CONSOLIDATED STATEMENT OF CASH FLOWS:
     On a consolidated basis, cash and cash equivalents include cash and due from banks, interest bearing deposits with banks, federal funds sold and short-term investments in money market funds. The Company made $200,000 in income tax payments in 2008; $138,000 in 2007; and $169,000 in 2006. The Company made total interest payments of $19,601,000 in 2008; $24,626,000 in 2007; and $21,058,000 in 2006.
INCOME TAXES:
     Deferred tax assets or liabilities are computed based on the difference between the financial statement and income tax basis of assets and liabilities using the enacted marginal tax rate. Deferred income tax expenses or credits are based on the changes in the corresponding asset or liability from period to period. Deferred tax assets are reduced, if necessary, by the amounts of such benefits that are not expected to be realized based upon available evidence.
INTEREST RATE CONTRACTS:
     The Company accounts for derivative instruments and hedging activities in accordance with FAS 133, “Accounting for Derivative Instruments and Hedging Activities (as amended).” The company recognizes all derivatives as either assets or liabilities on the Consolidated Balance Sheets and measures those instruments at fair value. For derivatives designated as fair value hedges, changes in the fair value of the derivative and hedged item related to the hedged risk are recognized in earnings. Changes in fair value of derivatives designated and accounted as cash flow hedges, to the extent they are effective as hedges, are recorded in “Other Comprehensive Income,” net of deferred taxes and are subsequently reclassified to earnings when the hedged transaction affects earnings. Any hedge ineffectiveness would be recognized in the income statement line item pertaining to the hedged item.
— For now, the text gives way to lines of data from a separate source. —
lemma \<beta>_identity: "e \<in> d ` G \<Longrightarrow> a \<in> E e \<Longrightarrow> \<beta> e a = a"
  using action unfolding twisted_partial_action_def by auto

lemma idealprod_E: "g \<in> G \<Longrightarrow> idealprod (E g) (E g) = E g"
  and u_r_left: "g \<in> G \<Longrightarrow> a \<in> E g \<Longrightarrow> uR (r g) g a = a"
  and u_d_right: "g \<in> G \<Longrightarrow> a \<in> E g \<Longrightarrow> uR g (d g) a = a"
  using action d_closed[of g] r_d[of g] d_d[of g] unfolding twisted_partial_action_def
  by metis+

lemma u_invertible:
  "g \<in> G \<Longrightarrow> h \<in> G \<Longrightarrow> d g = r h \<Longrightarrow> inv_mult (E g) (uR g h) (uL g h) (uiR g h) (uiL g h)"
  using action idealprod_E E_m unfolding twisted_partial_action_def by metis

lemma u_in: "g \<in> G \<Longrightarrow> h \<in> G \<Longrightarrow> d g = r h \<Longrightarrow> a \<in> E g \<Longrightarrow> uR g h a \<in> E g"
  using u_invertible unfolding inv_mult_def is_mult_def by blast

lemma u_zero: "g \<in> G \<Longrightarrow> h \<in> G \<Longrightarrow> d g = r h \<Longrightarrow> uR g h 0 = 0"
  using u_invertible[of g h] E_zero[of g] unfolding inv_mult_def is_mult_def
  by (metis add_cancel_right_right)

lemma uiR_in: "g \<in> G \<Longrightarrow> h \<in> G \<Longrightarrow> d g = r h \<Longrightarrow> a \<in> E g \<Longrightarrow> uiR g h a \<in> E g"
  using u_invertible unfolding inv_mult_def is_mult_def by blast

lemma uR_uiR: "g \<in> G \<Longrightarrow> h \<in> G \<Longrightarrow> d g = r h \<Longrightarrow> a \<in> E g \<Longrightarrow> uR g h (uiR g h a) = a"
  using u_invertible unfolding inv_mult_def by blast

lemma uiR_mult_left:
  "g \<in> G \<Longrightarrow> h \<in> G \<Longrightarrow> d g = r h \<Longrightarrow> a \<in> E g \<Longrightarrow> b \<in> E g
    \<Longrightarrow> uiR g h (b * a) = b * uiR g h a"
  using u_invertible unfolding inv_mult_def is_mult_def by blast

lemma B_zero: "(\<lambda>k. 0) \<in> B"
  by (rule cp_setI) (auto simp: E_zero)

lemma B_add: "x \<in> B \<Longrightarrow> y \<in> B \<Longrightarrow> (\<lambda>k. x k + y k) \<in> B"
proof (rule cp_setI)
  assume x: "x \<in> B" and y: "y \<in> B"
  have "{k. x k + y k \<noteq> 0} \<subseteq> {k. x k \<noteq> 0} \<union> {k. y k \<noteq> 0}" by auto
  then show "finite {k. x k + y k \<noteq> 0}"
    using cp_setD(1)[OF x] cp_setD(1)[OF y] by (auto intro: finite_subset)
  show "k \<in> G" if "x k + y k \<noteq> 0" for k using that cp_setD(2)[OF x] cp_setD(2)[OF y] by force
  show "x k + y k \<in> E k" if "k \<in> G" for k using that cp_setD(3)[OF x] cp_setD(3)[OF y] E_add by blast
qed

lemma cp_single_in_B: "g \<in> G \<Longrightarrow> c \<in> E g \<Longrightarrow> cp_single g c \<in> B"
  using cp_single_in_cp_set E_zero by metis

lemma mul_closed:
  assumes x: "x \<in> B" and y: "y \<in> B"
  shows "mul x y \<in> B"
proof (rule cp_setI)
  let ?P = "\<lambda>k. {(g, h). g \<in> G \<and> h \<in> G \<and> x g \<noteq> 0 \<and> y h \<noteq> 0 \<and> d g = r h \<and> m g h = k}"
  let ?f = "\<lambda>p. uR (fst p) (snd p) (\<beta> (fst p) (\<beta>inv (fst p) (x (fst p)) * y (snd p)))"
  have mul_eq: "mul x y k = sum ?f (?P k)" for k by (simp add: cp_mult_def)
  have nonzero: "?P k \<noteq> {}" if "mul x y k \<noteq> 0" for k
    using that mul_eq[of k] by force
  have "{k. mul x y k \<noteq> 0} \<subseteq> (\<lambda>(g, h). m g h) ` ({g. x g \<noteq> 0} \<times> {h. y h \<noteq> 0})"
    using nonzero by fastforce
  then show "finite {k. mul x y k \<noteq> 0}"
    using cp_setD(1)[OF x] cp_setD(1)[OF y] by (auto intro: finite_subset)
  show "k \<in> G" if "mul x y k \<noteq> 0" for k
    using nonzero[OF that] m_closed by blast
  show "mul x y k \<in> E k" if k: "k \<in> G" for k
    unfolding mul_eq
  proof (rule is_ideal_sum[OF E_ideal[OF k]])
    fix p assume "p \<in> ?P k"
    then obtain g h where p: "p = (g, h)" and gh: "g \<in> G" "h \<in> G" "d g = r h" "m g h = k"
      by auto
    have "y h \<in> E (iv g)" using cp_setD(3)[OF y gh(2)] E_r[OF gh(2)] E_iv[OF gh(1)] gh(3) by simp
    then have "\<beta>inv g (x g) * y h \<in> E (iv g)" using E_mult_left iv_closed gh(1) by blast
    then have "?f p \<in> E g" using p \<beta>_in u_in gh by simp
    then show "?f p \<in> E k" using E_m gh by metis
  qed
qed

lemma mul_identity_supported_right:
  assumes x: "x \<in> B" and z: "z \<in> B" and z_supp: "\<And>k. z k \<noteq> 0 \<Longrightarrow> k \<in> d ` G"
  shows "mul x z = (\<lambda>k. x k * \<beta> k (z (d k)))"
proof
  fix k
  let ?P = "{(g, h). g \<in> G \<and> h \<in> G \<and> x g \<noteq> 0 \<and> z h \<noteq> 0 \<and> d g = r h \<and> m g h = k}"
  let ?f = "\<lambda>p. uR (fst p) (snd p) (\<beta> (fst p) (\<beta>inv (fst p) (x (fst p)) * z (snd p)))"
  have mul_eq: "mul x z k = sum ?f ?P" by (simp add: cp_mult_def)
  show "mul x z k = x k * \<beta> k (z (d k))"
  proof (cases "k \<in> G")
    case False
    then have "?P = {}" using m_closed by auto
    then have "mul x z k = 0" using mul_eq by (simp only: sum.empty)
    then show ?thesis using cp_setD(2)[OF x False] by simp
  next
    case k: True
    have "?P \<subseteq> {(k, d k)}"
      using z_supp identity_r m_d_right by fastforce
    have zdk: "z (d k) \<in> E (iv k)" using cp_setD(3)[OF z d_closed[OF k]] E_iv[OF k] by simp
    have xk: "x k \<in> E k" using cp_setD(3)[OF x k] .
    have summand: "?f (k, d k) = x k * \<beta> k (z (d k))"
      using \<beta>_mult[OF k \<beta>inv_in[OF k xk] zdk] \<beta>_\<beta>inv[OF k xk] u_d_right[OF k] E_mult_right[OF k xk]
      by simp
    have "(k, d k) \<notin> ?P \<Longrightarrow> x k = 0 \<or> z (d k) = 0"
      using k d_closed r_d m_d_right by auto
    then have "sum ?f ?P = ?f (k, d k)"
      using \<open>?P \<subseteq> {(k, d k)}\<close> summand \<beta>_zero[OF k] by (intro sum_subset_singleton) auto
    then show ?thesis using mul_eq summand by simp
  qed
qed

lemma mul_identity_supported_left:
  assumes x: "x \<in> B" and z: "z \<in> B" and z_supp: "\<And>k. z k \<noteq> 0 \<Longrightarrow> k \<in> d ` G"
  shows "mul z x = (\<lambda>k. z (r k) * x k)"
proof
  fix k
  let ?P = "{(g, h). g \<in> G \<and> h \<in> G \<and> z g \<noteq> 0 \<and> x h \<noteq> 0 \<and> d g = r h \<and> m g h = k}"
  let ?f = "\<lambda>p. uR (fst p) (snd p) (\<beta> (fst p) (\<beta>inv (fst p) (z (fst p)) * x (snd p)))"
  have mul_eq: "mul z x k = sum ?f ?P" by (simp add: cp_mult_def)
  show "mul z x k = z (r k) * x k"
  proof (cases "k \<in> G")
    case False
    then have "?P = {}" using m_closed by auto
    then have "mul z x k = 0" using mul_eq by (simp only: sum.empty)
    then show ?thesis using cp_setD(2)[OF x False] by simp
  next
    case k: True
    have "?P \<subseteq> {(r k, k)}"
    proof
      fix p assume "p \<in> ?P"
      then obtain g h where p: "p = (g, h)" "h \<in> G" "z g \<noteq> 0" "d g = r h" "m g h = k"
        by auto
      then have "g = r h" using z_supp identity_d by metis
      then show "p \<in> {(r k, k)}" using p m_r_left by auto
    qed
    have rk: "r k \<in> d ` G" using r_in_identities[OF k] .
    have zrk: "z (r k) \<in> E (r k)" using cp_setD(3)[OF z r_closed[OF k]] .
    have xk: "x k \<in> E (r k)" using cp_setD(3)[OF x k] E_r[OF k] by simp
    have "\<beta>inv (r k) (z (r k)) = z (r k)"
      using \<beta>inv_\<beta>[of "r k" "z (r k)"] \<beta>_identity[OF rk zrk] E_iv d_r r_closed k zrk by simp
    then have summand: "?f (r k, k) = z (r k) * x k"
      using \<beta>_identity[OF rk E_mult_left[OF r_closed[OF k] xk]] u_r_left[OF k]
        E_mult_left[OF k cp_setD(3)[OF x k]]
      by simp
    have "(r k, k) \<notin> ?P \<Longrightarrow> z (r k) = 0 \<or> x k = 0"
      using k r_closed d_r m_r_left by auto
    then have "sum ?f ?P = ?f (r k, k)"
      using \<open>?P \<subseteq> {(r k, k)}\<close> summand by (intro sum_subset_singleton) auto
    then show ?thesis using mul_eq summand by simp
  qed
qed

lemma mul_cp_single:
  assumes g: "g \<in> G" and h: "h \<in> G" and gh: "d g = r h" and a: "a \<in> E g"
  shows "mul (cp_single g a) (cp_single h b) = cp_single (m g h) (uR g h (\<beta> g (\<beta>inv g a * b)))"
proof
  fix k
  let ?P = "{(g', h'). g' \<in> G \<and> h' \<in> G \<and> cp_single g a g' \<noteq> 0 \<and> cp_single h b h' \<noteq> 0
    \<and> d g' = r h' \<and> m g' h' = k}"
  let ?f = "\<lambda>p. uR (fst p) (snd p)
    (\<beta> (fst p) (\<beta>inv (fst p) (cp_single g a (fst p)) * cp_single h b (snd p)))"
  have mul_eq: "mul (cp_single g a) (cp_single h b) k = sum ?f ?P" by (simp add: cp_mult_def)
  have "?P \<subseteq> {(g, h)}" by (auto simp: cp_single_def split: if_splits)
  moreover have "(g, h) \<notin> ?P \<Longrightarrow> k = m g h \<Longrightarrow> a = 0 \<or> b = 0"
    using g h gh by (auto simp: cp_single_def)
  ultimately have "k = m g h \<Longrightarrow> sum ?f ?P = ?f (g, h)"
    using \<beta>inv_zero[OF g] \<beta>_zero[OF g] u_zero[OF g h gh]
    by (intro sum_subset_singleton) (auto simp: cp_single_def)
  moreover have "k \<noteq> m g h \<Longrightarrow> ?P = {}" by (auto simp: cp_single_def split: if_splits)
  ultimately show "mul (cp_single g a) (cp_single h b) k
      = cp_single (m g h) (uR g h (\<beta> g (\<beta>inv g a * b))) k"
    using mul_eq by (auto simp: cp_single_def)
qed

end

locale crossed_product_globalization = global_crossed_product G d r iv m E \<beta> uR uL uiR uiL
  for G :: "'g set" and d r iv :: "'g \<Rightarrow> 'g" and m :: "'g \<Rightarrow> 'g \<Rightarrow> 'g"
    and E :: "'g \<Rightarrow> 't::ring set" and \<beta> :: "'g \<Rightarrow> 't \<Rightarrow> 't"
    and uR uL uiR uiL :: "'g \<Rightarrow> 'g \<Rightarrow> 't \<Rightarrow> 't" +
  fixes D :: "'g \<Rightarrow> 'r::ring set" and \<alpha> :: "'g \<Rightarrow> 'r \<Rightarrow> 'r"
    and wR wL :: "'g \<Rightarrow> 'g \<Rightarrow> 'r \<Rightarrow> 'r" and one :: "'g \<Rightarrow> 'r" and \<phi> :: "'g \<Rightarrow> 'r \<Rightarrow> 't"
  assumes finite_identities: "finite (d ` G)"
    and units: "\<forall>e\<in>d ` G. one e \<in> D e \<and> (\<forall>x\<in>D e. one e * x = x \<and> x * one e = x)"
    and globalization: "globalization G d r iv m D \<alpha> wR wL E \<beta> uR uL \<phi>"
begin

abbreviation oneA where "oneA \<equiv> \<lambda>k. if k \<in> d ` G then \<phi> k (one k) else 0"
abbreviation B1B where "B1B \<equiv> sums_of_products (\<lambda>b b'. mul (mul b oneA) b') B"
     The Company typically enters into derivative instruments to meet the financing, interest rate and equity risk management needs of its customers. Upon entering into these instruments to meet customer needs, the Company enters into offsetting positions to minimize interest rate and equity risk to the Company. These derivative financial instruments are reported at fair value with any resulting gain or loss recorded in current period earnings. These instruments and their offsetting positions are recorded in other assets and other liabilities on the Consolidated Balance Sheets. As of December 31, 2008, the notional amount of the customer related derivative financial instrument was $9 million with an average maturity of 60 months, an average interest receive rate of 5.25% and an average interest pay rate of 4.40%.
RECENT ACCOUNTING STANDARDS:
     In December 2007, the FASB issued FAS No. 141 (revised 2007), Business Combinations (“FAS 141(R)), which establishes principles and requirements for how an acquirer recognizes and measures in its financial statements the identifiable assets acquired, the liabilities assumed, and any noncontrolling interest in an acquiree, including the recognition and measurement of goodwill acquired in a business combination. FAS No. 141(R) is effective for fiscal years beginning on or after December 15, 2008. Earlier adoption is prohibited. The adoption of this standard is not expected to have a material effect on the Company’s results of operations or financial position.
     In February 2008, the FASB issued Staff Position No. 157-1, Application of FASB Statement No. 157 to FASB Statement No. 13 and Other Accounting Pronouncements That Address Fair Value Measurements for Purposes of Lease Classification or Measurement under Statement 13, which removed leasing transactions accounted for under FAS No. 13 and related guidance from the scope of FAS No. 157. Also in February 2008, the FASB issued Staff Position No.157-2, Partial Deferral of the Effective Date of Statement 157, which deferred the effective date of FAS No. 157 for all nonfinancial assets and nonfinancial liabilities to fiscal years beginning after November 15, 2008. The adoption of this standard is not expected to have a material effect on the Company’s results of operations or financial position.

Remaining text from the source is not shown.